No problem, will fix it.

>>> Secondly, if you set the encoding to UTF-8, there's no need for
>>> unicode extra fields anyway.

>> Except when your client doesnt recognize the EFS flag and thinks you'd
>> be using CP437 - but happily accepts the Unicode extra fields.  I
>> thought this would be the case for WinZIP.

> Yes, the EFS flag is of little usefulness. It has been added very
> late to Specs and most implementation ignore it right away.

IIUC it is detected by PKWARE, 7Zip and WinZIP, commons-compress - and
InfoZIP's unzip as well as Ant if the version is recent enough.  Not
too bad.

>> You vastly overestimate the effort it takes to write an Ant task.

> That nice, however, I hope that I can avoid adding ant to the list
> of OS-project I participate in ;-)

You already contributed to it, thanks.

>> createUnicodeExtraFields = NEVER (default) | ALWAYS | NOT_ENCODABLE
>> useLanguageEncodingFlag = true (default) | false
>> fallbackToUtf8 = true | false

> Agreed ;-)

> The implementation should be be straightforward, shall I prepare a
> patch or can you afford doing it at your own?

Will do it myself.

Stefan

---------------------------------------------------------------------
To unsubscribe, e-mail: dev-unsubscribe@commons.apache.org
For additional commands, e-mail: dev-help@commons.apache.org


Re: [compress] [PATCH] Refactoring of zip encoding support.
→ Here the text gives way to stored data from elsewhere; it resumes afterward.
lemma D_F_singleton_src:
  assumes "(m, f) \<in> D_F L {(a, a)}"
  shows "le_en (deg L a) m" "f (deg L a) (deg L a) = src L a"
  using assms path_initial_segment(3)[of L m f "deg L a"]
  by (auto simp: mem_D_F_singleton X_L_def)

lemma D_F_cmp_iff_has_segment:
  assumes L: "is_kgraph L"
    and x_mu: "(m, f) \<in> D_F L {(mu, mu)}"
    and l: "l \<in> vL L (src L mu)"
  shows "(m, f) \<in> D_F L {(cmp L mu l, cmp L mu l)} \<longleftrightarrow> has_segment L (m, f) (deg L mu) l"
proof -
  let ?n = "deg L mu" and ?k = "\<lambda>i. deg L mu i + deg L l i"
  have path: "is_path L (m, f)" and n_le: "le_en ?n m" and f_mu: "f (\<lambda>_. 0) ?n = mu"
    using x_mu by (auto simp: mem_D_F_singleton X_L_def)
  have mu: "mu \<in> Mor L" using path_initial_segment(1)[OF path n_le] f_mu by simp
  have l_mor: "l \<in> Mor L" and l_rng: "src L mu = rng L l" using l unfolding vL_def by auto
  have deg_cmp: "deg L (cmp L mu l) = ?k" using kgraph_cmp(2)[OF L mu l_mor l_rng] .
  have factor: "f (\<lambda>_. 0) ?k = cmp L mu (f ?n ?k)" if "le_en ?k m"
    using path_cmp[OF path in_Omega_zero[OF n_le] in_Omega_shift[OF that]] f_mu by simp
  show ?thesis
  proof
    assume "(m, f) \<in> D_F L {(cmp L mu l, cmp L mu l)}"
    then have k_le: "le_en ?k m" and "f (\<lambda>_. 0) ?k = cmp L mu l"
      by (auto simp: mem_D_F_singleton deg_cmp)
    then have "cmp L mu (f ?n ?k) = cmp L mu l" using factor by simp
    moreover have "f ?n ?k \<in> Mor L" "rng L (f ?n ?k) = src L mu"
      using path_segment[OF path in_Omega_shift[OF k_le]] D_F_singleton_src[OF x_mu] by auto
    ultimately have "f ?n ?k = l"
      using kgraph_cmp_left_cancel[OF L mu _ l_mor] l_rng by metis
    then show "has_segment L (m, f) ?n l" using k_le by (simp add: has_segment_def)
  next
    assume "has_segment L (m, f) ?n l"
    then show "(m, f) \<in> D_F L {(cmp L mu l, cmp L mu l)}"
      using path factor by (auto simp: has_segment_def mem_D_F_singleton deg_cmp X_L_def)
  qed
qed

definition cylinder_avoiding :: "('a, 'k::finite) kgraph \<Rightarrow> 'a \<Rightarrow> 'a set \<Rightarrow> ('a, 'k) path set" where
  "cylinder_avoiding L mu E =
     D_F L {(mu, mu)} \<inter> (\<Inter>l\<in>E. X_L L - D_F L {(cmp L mu l, cmp L mu l)})"

lemma cylinder_avoiding_eq:
  assumes "is_kgraph L" "E \<subseteq> vL L (src L mu)"
  shows "cylinder_avoiding L mu E =
           {x \<in> D_F L {(mu, mu)}. \<forall>l\<in>E. \<not> has_segment L x (deg L mu) l}"
  using D_F_cmp_iff_has_segment[OF assms(1)] assms(2)
  unfolding cylinder_avoiding_def by (fastforce simp: mem_D_F_singleton)

lemma cylinder_avoiding_disjoint_boundary_paths:
  assumes "is_kgraph L" "E \<in> FE L (src L mu)"
  shows "cylinder_avoiding L mu E \<inter> boundary_paths L = {}"
proof -
  have "E \<subseteq> vL L (src L mu)" using assms(2) unfolding FE_def exhaustive_def by simp
  moreover have "\<exists>l\<in>E. has_segment L (m, f) (deg L mu) l"
    if "(m, f) \<in> D_F L {(mu, mu)}" "(m, f) \<in> boundary_paths L" for m f
    using that assms(2) D_F_singleton_src[OF that(1)]
    unfolding boundary_paths_has_segment by auto
  ultimately show ?thesis
    using cylinder_avoiding_eq[OF assms(1)] by fastforce
qed

lemma topspace_path_topology: "topspace (path_topology L) = X_L L"
proof -
  have "D_F L F \<subseteq> X_L L" for F unfolding D_F_def by auto
  moreover have "{} \<in> S_L L" "D_F L {} = {}" unfolding S_L_def D_F_def by auto
  ultimately show ?thesis unfolding path_topology_def by force
qed

lemma openin_path_topology_D_F_singleton:
  assumes "a \<in> Mor L"
  shows "openin (path_topology L) (D_F L {(a, a)})"
    and "openin (path_topology L) (X_L L - D_F L {(a, a)})"
proof -
  have "{(a, a)} \<in> S_L L" using assms unfolding S_L_def by auto
  then show "openin (path_topology L) (D_F L {(a, a)})"
    and "openin (path_topology L) (X_L L - D_F L {(a, a)})"
    unfolding path_topology_def by (auto intro: topology_generated_by_Basis)
qed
Posted by Wolfgang Glas <wo...@ev-i.at>.
Stefan Bodewig schrieb:
> On 2009-03-03, Wolfgang Glas <wo...@ev-i.at> wrote:
> 
>> Stefan Bodewig schrieb:
>>> On 2009-03-02, Wolfgang Glas <wo...@ev-i.at> wrote:
> 
>>>> Stefan Bodewig schrieb:
>>>>> On 2009-03-01, Wolfgang Glas <wo...@ev-i.at> wrote:
> 
>>>>>> 1) Unicode extra fields are written for all ZIP entries and not only
>>>>>> for entries, which are not encodable by the encoding set to
>>>>>> ZipArchiveOutputStream.
> 
>>>>> Maybe room for yet another flag?  Or an enum-like option
> 
>>>>> setCreateUnicodeExtraFields(NEVER | ALWAYS | NOT_ENCODABLE)
> 
>>> Consider the WinZIP case, WinZIP wouldn't recognize the EFS.  If you
>>> set the encoding to UTF-8 and use your code and only add extra fields
>>> for non-encodable paths, WinZIP will never see the correct path.
> 
>> Acccording to my tests WinZip recognizes the EFS flag upon
>> reading.
> 
> Then my documenation is wrong 8-)

Sorry for not exactly reading the Documentation, but I got stuck because the EFS
flag seemed to be not enough for me and I wanted to get this straight before.
But I think we've come a long way and the end i near ;-)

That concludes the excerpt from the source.